From the experimental results on the Laptop dataset, it can be seen that the classification performance of the USVM used in this study is significantly better than other classifiers. The performance of traditional SVM is relatively poor, because the imbalanced data are constructed in this study, so the traditional SVM algorithm has a poor classification effect on this kind of data set. Among the other classifiers, the performance of DT is relatively stable, but it is slightly lower than USVM as a whole, so this study finally chooses USVM to classify the collected museum evaluation data.
3. Sentiment Analysis of Museum User Experience Evaluation Data
First, we used a Python crawler to get the museum user review text and store it as a CSV file. Second, data preprocessing is performed on the comment text, such as mechanical deduplication, cleaning, word segmentation, and word vector transformation. Third, the USVM is used to classify the data and obtain positive and negative text data. Finally, the semantic user satisfaction analysis of the comment text is carried out, and relevant conclusions and museum construction and maintenance strategies are drawn. The research framework is shown in Figure 4.

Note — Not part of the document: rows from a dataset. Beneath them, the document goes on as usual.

(* Let $A,B$ be nonzero finite-dimensional $K$-subspaces of $L$. Then there exist a $K$-subspace $S$ of $\langle AB\rangle$ and a (possibly skew) subfield $H$ of $L$ with $K\subset H\subset L$ and $\dim_KH$ finite, such that $$\dim_KS\geq\dim_KA+\dim_KB-\dim_KH,$$ and either $HS=S$ or $SH=S$.
   Context: $K$ is a commutative field and $L$ is a (possibly noncommutative) division ring containing $K$ in its center. For $S\subset L$, $\langle S\rangle$ denotes the $K$-subspace of $L$ spanned by $S$. For subsets $S_1,S_2$ of $L$, $S_1S_2=\{s_1s_2\mid s_1\in S_1,s_2\in S_2\}$ (product set). *)

theory Defs
  imports Complex_Main
begin

text \<open>The field K is a type 'k, embedded into the division ring L (type 'l) by a
  ring homomorphism emb whose image is central in L.  L is a K-vector space via
  left multiplication by emb k (equal to right multiplication since emb k is central).\<close>

definition central_field_emb :: "('k::field \<Rightarrow> 'l::division_ring) \<Rightarrow> bool" where
  "central_field_emb emb \<longleftrightarrow>
     emb 1 = 1 \<and> (\<forall>a b. emb (a + b) = emb a + emb b) \<and> (\<forall>a b. emb (a * b) = emb a * emb b)
     \<and> (\<forall>a x. emb a * x = x * emb a)"

definition kscale :: "('k::field \<Rightarrow> 'l::division_ring) \<Rightarrow> 'k \<Rightarrow> 'l \<Rightarrow> 'l" where
  "kscale emb k x = emb k * x"

definition setmult :: "'l::times set \<Rightarrow> 'l set \<Rightarrow> 'l set" where
  "setmult S1 S2 = {s1 * s2 | s1 s2. s1 \<in> S1 \<and> s2 \<in> S2}"

definition kfindim :: "('k::field \<Rightarrow> 'l::division_ring) \<Rightarrow> 'l set \<Rightarrow> bool" where
  "kfindim emb V \<longleftrightarrow> module.subspace (kscale emb) V \<and>
     (\<exists>F. finite F \<and> module.span (kscale emb) F = V)"

definition sub_division_ring_over :: "('k::field \<Rightarrow> 'l::division_ring) \<Rightarrow> 'l set \<Rightarrow> bool" where
  "sub_division_ring_over emb H \<longleftrightarrow>
     range emb \<subseteq> H \<and> 0 \<in> H \<and> 1 \<in> H \<and>
     (\<forall>x\<in>H. \<forall>y\<in>H. x + y \<in> H \<and> x * y \<in> H) \<and>
     (\<forall>x\<in>H. - x \<in> H) \<and> (\<forall>x\<in>H. x \<noteq> 0 \<longrightarrow> inverse x \<in> H)"

end

theory Submission
  imports Defs
begin

text \<open>
  A linear analogue of Kneser's addition theorem (Hou, Leung and Xiang).  Call a pair (A, B) of
  nonzero finite-dimensional K-subspaces admissible for a finite-dimensional space C if
  \<open>AB \<subseteq> C\<close>.  For every admissible pair we find a finite-dimensional subspace S of C and a
  finite-dimensional division ring H over K with \<open>HS = S\<close> or \<open>SH = S\<close> and
  \<open>dim A + dim B \<le> dim S + dim H\<close>; the theorem is the case \<open>C = \<langle>AB\<rangle>\<close>.

  The proof is a well-founded induction, pairs with larger \<open>dim A + dim B\<close> (or equal sum and
  smaller \<open>dim B\<close>) coming first.  If \<open>Ag \<subseteq> A\<close> whenever \<open>gB \<inter> B \<noteq> 0\<close>, then \<open>S = Ab\<close> and its
  right stabilizer work; if \<open>Ag \<subseteq> A\<close> whenever \<open>Ag \<inter> A \<noteq> 0\<close>, then \<open>S = \<langle>AB\<rangle>\<close> and its left
  stabilizer work.  Otherwise the e-transforms of (A, B) by suitable g1 and g2 keep products in C
  and, by the modular inequality for dimensions, do not lose total dimension; the induction
  hypothesis then forces both \<open>dim A < dim B\<close> and \<open>dim B < dim A\<close>.
\<close>

section \<open>Product sets, stabilizers and e-transforms\<close>

definition sum_space :: "'a::plus set \<Rightarrow> 'a set \<Rightarrow> 'a set" where
  "sum_space S T = {x + y | x y. x \<in> S \<and> y \<in> T}"

lemma setmultI: "x \<in> X \<Longrightarrow> y \<in> Y \<Longrightarrow> x * y \<in> setmult X Y"
  unfolding setmult_def by blast

definition right_stabilizer :: "'a::times set \<Rightarrow> 'a set" where
  "right_stabilizer S = {x. \<forall>s\<in>S. s * x \<in> S}"

definition left_stabilizer :: "'a::times set \<Rightarrow> 'a set" where
  "left_stabilizer S = {x. \<forall>s\<in>S. x * s \<in> S}"

lemma setmult_right_stabilizer: "setmult S (right_stabilizer S) = (S :: 'a::monoid_mult set)"
proof
  show "setmult S (right_stabilizer S) \<subseteq> S" unfolding setmult_def right_stabilizer_def by blast
  have "s = s * 1" "1 \<in> right_stabilizer S" for s :: 'a unfolding right_stabilizer_def by simp_all
  then show "S \<subseteq> setmult S (right_stabilizer S)" unfolding setmult_def by blast
qed

lemma setmult_left_stabilizer: "setmult (left_stabilizer S) S = (S :: 'a::monoid_mult set)"
proof
  show "setmult (left_stabilizer S) S \<subseteq> S" unfolding setmult_def left_stabilizer_def by blast
  have "s = 1 * s" "1 \<in> left_stabilizer S" for s :: 'a unfolding left_stabilizer_def by simp_all
  then show "S \<subseteq> setmult (left_stabilizer S) S" unfolding setmult_def by blast
qed

text \<open>The two halves of the e-transform of a pair (A, B) by an element g, as in Kneser's
  addition theorem: (A + Ag, {y \<in> B. gy \<in> B}) and ({x \<in> A. xg \<in> A}, B + gB).\<close>
definition ext_right :: "'a::{plus,times} set \<Rightarrow> 'a \<Rightarrow> 'a set" where
  "ext_right A g = sum_space A ((\<lambda>a. a * g) ` A)"

definition restr_left :: "'a::times set \<Rightarrow> 'a \<Rightarrow> 'a set" where
  "restr_left B g = {y \<in> B. g * y \<in> B}"

definition restr_right :: "'a::times set \<Rightarrow> 'a \<Rightarrow> 'a set" where
  "restr_right A g = {x \<in> A. x * g \<in> A}"

definition ext_left :: "'a::{plus,times} set \<Rightarrow> 'a \<Rightarrow> 'a set" where
  "ext_left B g = sum_space B ((\<lambda>b. g * b) ` B)"

text \<open>If \<open>Ag \<subseteq> A\<close> whenever \<open>gb \<in> B\<close> for a nonzero \<open>b \<in> B\<close>, then \<open>b\<^sup>-\<^sup>1B\<close> stabilizes Ab
  from the right: \<open>xb \<cdot> b\<^sup>-\<^sup>1y = (x \<cdot> yb\<^sup>-\<^sup>1) b\<close>.\<close>
lemma right_stabilizer_of_stable:
  fixes A B :: "'a::division_ring set"
  assumes b: "b \<in> B" "b \<noteq> 0"
    and stable: "\<And>g. restr_left B g \<noteq> {0} \<Longrightarrow> restr_right A g = A"
  shows "(\<lambda>y. inverse b * y) ` B \<subseteq> right_stabilizer ((\<lambda>x. x * b) ` A)"
proof (clarsimp simp: right_stabilizer_def)
  fix y x assume y: "y \<in> B" and x: "x \<in> A"
  define g where "g = y * inverse b"
  have gb: "g * b = y" using b(2) unfolding g_def by (simp add: mult.assoc)
  then have "b \<in> restr_left B g" using b(1) y unfolding restr_left_def by simp
  then have "restr_right A g = A" using stable b(2) by blast
  then have "x * g \<in> A" using x unfolding restr_right_def by blast
  moreover have "x * b * (inverse b * y) = (x * g) * b"
  proof -
    have "b * (inverse b * y) = y" using b(2) by (simp flip: mult.assoc)
    then show ?thesis using gb by (simp add: mult.assoc)
  qed
  ultimately show "x * b * (inverse b * y) \<in> (\<lambda>x. x * b) ` A" by (metis image_eqI)
qed

text \<open>If \<open>Ag \<subseteq> A\<close> whenever \<open>ag \<in> A\<close> for a nonzero \<open>a \<in> A\<close>, then \<open>Aa\<^sup>-\<^sup>1\<close> stabilizes AB
  from the left: \<open>xa\<^sup>-\<^sup>1 \<cdot> yc = (x \<cdot> a\<^sup>-\<^sup>1y) c\<close>.\<close>
lemma left_stabilizer_of_stable:
  fixes A B :: "'a::division_ring set"
  assumes a: "a \<in> A" "a \<noteq> 0"
    and stable: "\<And>g. restr_right A g \<noteq> {0} \<Longrightarrow> restr_right A g = A"
  shows "(\<lambda>x. x * inverse a) ` A \<subseteq> left_stabilizer (setmult A B)"
proof (clarsimp simp: left_stabilizer_def)
  fix x z assume x: "x \<in> A" and "z \<in> setmult A B"
  then obtain y c where z: "z = y * c" and y: "y \<in> A" and c: "c \<in> B"
    unfolding setmult_def by blast
  define g where "g = inverse a * y"
  have "a * g = y" using a(2) unfolding g_def by (simp flip: mult.assoc)
  then have "a \<in> restr_right A g" using a(1) y unfolding restr_right_def by simp
  then have "restr_right A g = A" using stable a(2) by blast
  then have "x * g \<in> A" using x unfolding restr_right_def by blast
  then have "(x * g) * c \<in> setmult A B" using c by (rule setmultI)
  then show "x * inverse a * z \<in> setmult A B" unfolding z g_def by (simp add: mult.assoc)
qed

section \<open>Finite-dimensional subspaces of L\<close>

text \<open>The library's dimension theory for
  finite-dimensional vector spaces assumes the whole space is finite-dimensional, so the facts needed
  below are derived here for finite-dimensional subspaces.\<close>
locale division_algebra_over =
  fixes emb :: "'k::field \<Rightarrow> 'l::division_ring"
  assumes central_emb: "central_field_emb emb"
begin

lemma emb_1: "emb 1 = 1"
  and emb_add: "emb (a + b) = emb a + emb b"
  and emb_mult: "emb (a * b) = emb a * emb b"
  and emb_central: "emb a * x = x * emb a"
  using central_emb unfolding central_field_emb_def by blast+

sublocale V: vector_space "kscale emb"
  unfolding vector_space_def kscale_def
  by (auto simp: distrib_left distrib_right emb_add emb_mult emb_1 mult.assoc)

lemma kfindim_subspace: "kfindim emb X \<Longrightarrow> V.subspace X"
  unfolding kfindim_def by blast

lemma kfindim_basis:
  assumes "kfindim emb X"
  obtains B where "finite B" "B \<subseteq> X" "V.independent B" "V.span B = X" "card B = V.dim X"
proof -
  obtain F where F: "finite F" "V.span F = X" using assms unfolding kfindim_def by blast
  obtain B where B: "B \<subseteq> X" "V.independent B" "X \<subseteq> V.span B" "card B = V.dim X"
    using V.basis_exists[of X] by metis
  have "finite B" using V.independent_span_bound[OF F(1) B(2)] B(1) F(2) by blast
  moreover have "V.span B = X"
    using V.span_subspace[OF B(1,3) kfindim_subspace[OF assms]] .
  ultimately show ?thesis using B that by blast
qed

lemma independent_card_le_dim:
  assumes "kfindim emb W" "V.independent I" "I \<subseteq> W"
  shows "finite I \<and> card I \<le> V.dim W"
proof -
  obtain B where "finite B" "V.span B = W" "card B = V.dim W"
    using kfindim_basis[OF assms(1)] by blast
  then show ?thesis using V.independent_span_bound[of B I] assms(2,3) by metis
qed

lemma dim_mono:
  assumes "kfindim emb W" "X \<subseteq> W"
  shows "V.dim X \<le> V.dim W"
proof -
  obtain B where "finite B" "V.span B = W" "card B = V.dim W"
    using kfindim_basis[OF assms(1)] by blast
  then show ?thesis using V.dim_le_card[of X B] assms(2) by metis
qed

lemma kfindim_subset:
  assumes "kfindim emb W" "V.subspace X" "X \<subseteq> W"
  shows "kfindim emb X"
proof -
  obtain B where B: "B \<subseteq> X" "V.independent B" "X \<subseteq> V.span B"
    using V.basis_exists[of X] by metis
  have "finite B" using independent_card_le_dim[OF assms(1) B(2) order_trans[OF B(1) assms(3)]] ..
  moreover have "V.span B = X" using V.span_subspace[OF B(1,3) assms(2)] .
  ultimately show ?thesis unfolding kfindim_def using assms(2) by blast
qed

lemma subspace_eq_of_dim_le:
  assumes "kfindim emb T" "V.subspace S" "S \<subseteq> T" "V.dim T \<le> V.dim S"
  shows "S = T"
proof -
  obtain B where B: "B \<subseteq> S" "V.independent B" "S \<subseteq> V.span B" "card B = V.dim S"
    using V.basis_exists[of S] by metis
  obtain B' where B': "B \<subseteq> B'" "B' \<subseteq> T" "V.independent B'" "T \<subseteq> V.span B'"
    using V.maximal_independent_subset_extend[of B T] B assms(3) by blast
  have "finite B'" "card B' \<le> V.dim T"
    using independent_card_le_dim[OF assms(1) B'(3,2)] by auto
  then have "B = B'" using card_seteq[of B' B] B'(1) B(4) assms(4) by simp
  then have "T \<subseteq> S" using B'(4) V.span_minimal[OF B(1) assms(2)] by blast
  with assms(3) show ?thesis by blast
qed

lemma dim_less_of_psubset:
  assumes "kfindim emb T" "V.subspace S" "S \<subset> T"
  shows "V.dim S < V.dim T"
proof (rule ccontr)
  assume "\<not> V.dim S < V.dim T"
  then have "S = T" using subspace_eq_of_dim_le[OF assms(1,2)] assms(3) by simp
  with assms(3) show False by simp
qed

3.1. Data Acquisition and Preprocessing
The network questionnaire is mainly expanded from the aspects, as listed in Table 4. A total of 8,280 pieces of experience evaluation data of museum users were obtained through online surveys. Since there is a certain degree of noise in the texts crawled on the Internet, it is necessary to clean the collected comment texts to ensure more accurate analysis results. The comment text with less than 2 characters and duplicate content are deleted to ensure the availability and uniqueness of the comment text. After cleaning the comment text, a total of 8,000 valid comment texts were retained.
3.2. Sentiment Classification of Museum User Experience Data
Using the 10-fold cross-validation method, 6000 items in the dataset are used as the training set, and the remaining 2000 items are used as the test set to test the sentiment classification performance of the museum evaluation data. The number of categories is 3, which represent three emotions: satisfaction, neutrality, and dissatisfaction. Table 5 lists examples of sentiment classification rule words. Table 6 lists examples of manual labeling.
Considering that in the user experience evaluation data of the museum, the data of negative evaluation are much less than the number of positive and neutral evaluations. In view of this situation, the USVM used in this study is suitable for classifying data. The classification results based on USVM are listed in Table 7.
It can be seen from Table 7 that the accuracy of the training set and test set of the algorithm is greater than 86%, and the classification effect is ideal.
3.3. Interactive Service Comment Text Extraction and Analysis
3.3.1. Interactive Comment Text Extraction
On the basis of the above classification, this part extracts comments under different sentiment classifications and sets the comments extracted from the “satisfied” text set as positive comments and the ones extracted from the “neutral” text set as neutral comments, and negative comments are extracted from the “unsatisfactory” text set. We analyze and summarize the feature words related to interactive reviews, as listed in Table 8
According to the constructed interactive comment vocabulary dictionary, each comment in the “satisfactory” comment text set, “neutral” comment text set, and “unsatisfactory” comment text set is traversed, respectively. This comment text sentence is then extracted. A total of 3200 related interactive evaluations were extracted. It can be seen from Table 9 that the positive description interaction accounts for 61% of the total comment text, which is 1952. Negative texts accounted for 21% or 672. Neutral texts accounted for 18% or 576.
3.3.2. Recognition of Interactive Elements of User Attention Based on Word Frequency Method
This part uses the word frequency analysis method to analyze the word frequency of positive and negative logistics reviews. The “stutter” word segmentation tool of the Python language is used to segment the positive comment text and make word frequency statistics. The word frequency statistics are shown in Figure 5. In the top 10 word frequencies in Figure 5, 1 is convenient, 2 is clear, 3 is easy to use, 4 is interesting, 5 is smooth, 6 is rich, 7 is wonderful, 8 is novel, 9 is fast, and 10 is simple.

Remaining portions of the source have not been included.